WHAT TO DO — Below are the records; copy each line in which "noteq" occurs.

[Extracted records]
== Segment start ==

(*
  The critical points of f are simple zeros of f', so f' has an even number 2m >= 2n of zeros on
  the circle and changes sign at each of them.  If y^2 > 4xz, the operator x + yD + zD^2 factors as
  z (D - a) (D - b) with real a, b, and every factor D - c preserves the number of sign changes of a
  periodic function: (g' - c g) e^(-ct) is the derivative of g e^(-ct), so by the mean value
  theorem it has the sign of the jump of g between consecutive sign changes.  Hence
  h_v' = (x + yD + zD^2) f' changes sign 2m times, and h_v has a local maximum between every
  change of h_v' from + to -.  This holds for every such v, so in particular for almost every one.
*)
theory Submission
  imports Defs "HOL-Library.Real_Mod"
begin

lemma periodic_shift_int:
  assumes "\<forall>t. g (t + T) = g t"
  shows "g (t + of_int k * T) = g t"
proof -
  have nat_shift: "g (s + of_nat j * T) = g s" for s j
  proof (induction j)
    case (Suc j)
    have "s + of_nat (Suc j) * T = (s + of_nat j * T) + T"
      by (simp add: algebra_simps)
    then show ?case
      using assms[rule_format, of "s + of_nat j * T"] Suc by (simp only:)
  qed simp
  show ?thesis
    using nat_shift[of t "nat k"] nat_shift[of "t + of_int k * T" "nat (- k)"]
    by (cases "k \<ge> 0") simp_all
qed

lemma periodic_rmod:
  assumes "\<forall>t. g (t + T) = g t"
  shows "g (t rmod T) = g t"
  using periodic_shift_int[OF assms] rcong_altdef[of t "t rmod T" T]
  by (metis rcong_rmod_right_iff rcong_refl)

lemma deriv_periodic:
  assumes "\<forall>t. g (t + T) = g t"
  shows "\<forall>t. deriv g (t + T) = deriv g t"
proof
  fix t
  have "deriv g t = deriv (\<lambda>s. g (s + T)) t"
    using assms by simp
  also have "\<dots> = deriv g (t + T)"
    unfolding deriv_def using DERIV_shift[of g _ t T] by simp
  finally show "deriv g (t + T) = deriv g t" by simp
qed

lemma is_local_max_periodic_shift:
  assumes "\<forall>t. g (t + T) = g t" "is_local_max g c"
  shows "is_local_max g (c + of_int k * T)"
proof -
  obtain e where "e > 0" and e: "\<forall>s. \<bar>s - c\<bar> < e \<longrightarrow> g s \<le> g c"
    using assms(2) unfolding is_local_max_def by blast
  have "g s \<le> g (c + of_int k * T)" if "\<bar>s - (c + of_int k * T)\<bar> < e" for s
    using e[rule_format, of "s + of_int (- k) * T"] that
      periodic_shift_int[OF assms(1), of s "- k"] periodic_shift_int[OF assms(1), of c k]
    by (simp add: algebra_simps)
  with \<open>e > 0\<close> show ?thesis
    unfolding is_local_max_def by blast
qed

lemma is_local_max_rmod:
  assumes "\<forall>t. g (t + T) = g t" "is_local_max g c"
  shows "is_local_max g (c rmod T)"
  using is_local_max_periodic_shift[OF assms] rcong_altdef[of c "c rmod T" T]
  by (metis rcong_rmod_right_iff rcong_refl)

lemma inj_on_rmod_interval:
  assumes "T > 0"
  shows "inj_on (\<lambda>t. t rmod T) {u<..<u + T}"
  using assms by (intro inj_onI rcong_imp_eq) (auto simp: rcong_def)

lemma local_max_between:
  assumes "a < b" "\<forall>t. (g has_real_derivative g' t) (at t)" "g' a > 0" "g' b < 0"
  shows "\<exists>c. a < c \<and> c < b \<and> is_local_max g c"
proof -
  have cont: "continuous_on {a..b} g"
    using assms(2) by (meson DERIV_continuous continuous_at_imp_continuous_on)
  obtain c where c: "a \<le> c" "c \<le> b" and c_max: "\<forall>t\<in>{a..b}. g t \<le> g c"
    using continuous_attains_sup[OF compact_Icc _ cont] assms(1) by fastforce
  obtain d1 where "d1 > 0" and d1: "\<forall>h>0. h < d1 \<longrightarrow> g a < g (a + h)"
    using DERIV_pos_inc_right[OF assms(2)[rule_format] assms(3)] by blast
  obtain d2 where "d2 > 0" and d2: "\<forall>h>0. h < d2 \<longrightarrow> g b < g (b - h)"
    using DERIV_neg_dec_left[OF assms(2)[rule_format] assms(4)] by blast
  have "c \<noteq> a"
  proof
    assume "c = a"
    define h where "h = min (d1 / 2) (b - a)"
    have "0 < h" "h < d1" "a + h \<in> {a..b}"
      using \<open>d1 > 0\<close> assms(1) unfolding h_def by auto
    then show False
      using d1 c_max \<open>c = a\<close> by fastforce
  qed
  moreover have "c \<noteq> b"
  proof
    assume "c = b"
    define h where "h = min (d2 / 2) (b - a)"
    have "0 < h" "h < d2" "b - h \<in> {a..b}"
      using \<open>d2 > 0\<close> assms(1) unfolding h_def by auto
    then show False
      using d2 c_max \<open>c = b\<close> by fastforce
  qed
  ultimately have "a < c" "c < b"
    using c by auto
  moreover have "is_local_max g c"
    unfolding is_local_max_def
    using \<open>a < c\<close> \<open>c < b\<close> c_max
    by (intro exI[of _ "min (c - a) (b - c)"]) (auto simp: abs_less_iff)
  ultimately show ?thesis by blast
qed

lemma simple_zero_opposite_signs:
  assumes "(g has_real_derivative l) (at z)" "g z = 0" "l \<noteq> 0"
  obtains d where "d > 0" "\<And>h. 0 < h \<Longrightarrow> h < d \<Longrightarrow> g (z - h) * g (z + h) < 0"
proof (cases "l > 0")
  case True
  obtain d1 where "d1 > 0" "\<forall>h>0. h < d1 \<longrightarrow> g z < g (z + h)"
    using DERIV_pos_inc_right[OF assms(1) True] by blast
  moreover obtain d2 where "d2 > 0" "\<forall>h>0. h < d2 \<longrightarrow> g (z - h) < g z"
    using DERIV_pos_inc_left[OF assms(1) True] by blast
  ultimately show ?thesis
    using that[of "min d1 d2"] assms(2) by (simp add: mult_neg_pos)
next
  case False
  then have "l < 0" using assms(3) by simp
  obtain d1 where "d1 > 0" "\<forall>h>0. h < d1 \<longrightarrow> g z > g (z + h)"
    using DERIV_neg_dec_right[OF assms(1) \<open>l < 0\<close>] by blast
  moreover obtain d2 where "d2 > 0" "\<forall>h>0. h < d2 \<longrightarrow> g (z - h) > g z"
    using DERIV_neg_dec_left[OF assms(1) \<open>l < 0\<close>] by blast
  ultimately show ?thesis
    using that[of "min d1 d2"] assms(2) by (simp add: mult_pos_neg)
qed

lemma no_zero_same_sign:
  fixes g :: "real \<Rightarrow> real"
  assumes "a \<le> b" "continuous_on {a..b} g" "\<forall>t\<in>{a..b}. g t \<noteq> 0"
  shows "g a * g b > 0"
proof (rule ccontr)
  assume "\<not> g a * g b > 0"
  then have "g a \<le> 0 \<and> 0 \<le> g b \<or> g b \<le> 0 \<and> 0 \<le> g a"
    by (auto simp: zero_less_mult_iff)
  then obtain t where "a \<le> t" "t \<le> b" "g t = 0"
    using IVT'[of g a 0 b] IVT2'[of g b 0 a] assms(1,2) by blast
  with assms(3) show False by auto
qed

== Segment end ==

OUTPUT OF THE TASK —
  have "c \<noteq> a"
  moreover have "c \<noteq> b"
  assumes "(g has_real_derivative l) (at z)" "g z = 0" "l \<noteq> 0"
  assumes "a \<le> b" "continuous_on {a..b} g" "\<forall>t\<in>{a..b}. g t \<noteq> 0"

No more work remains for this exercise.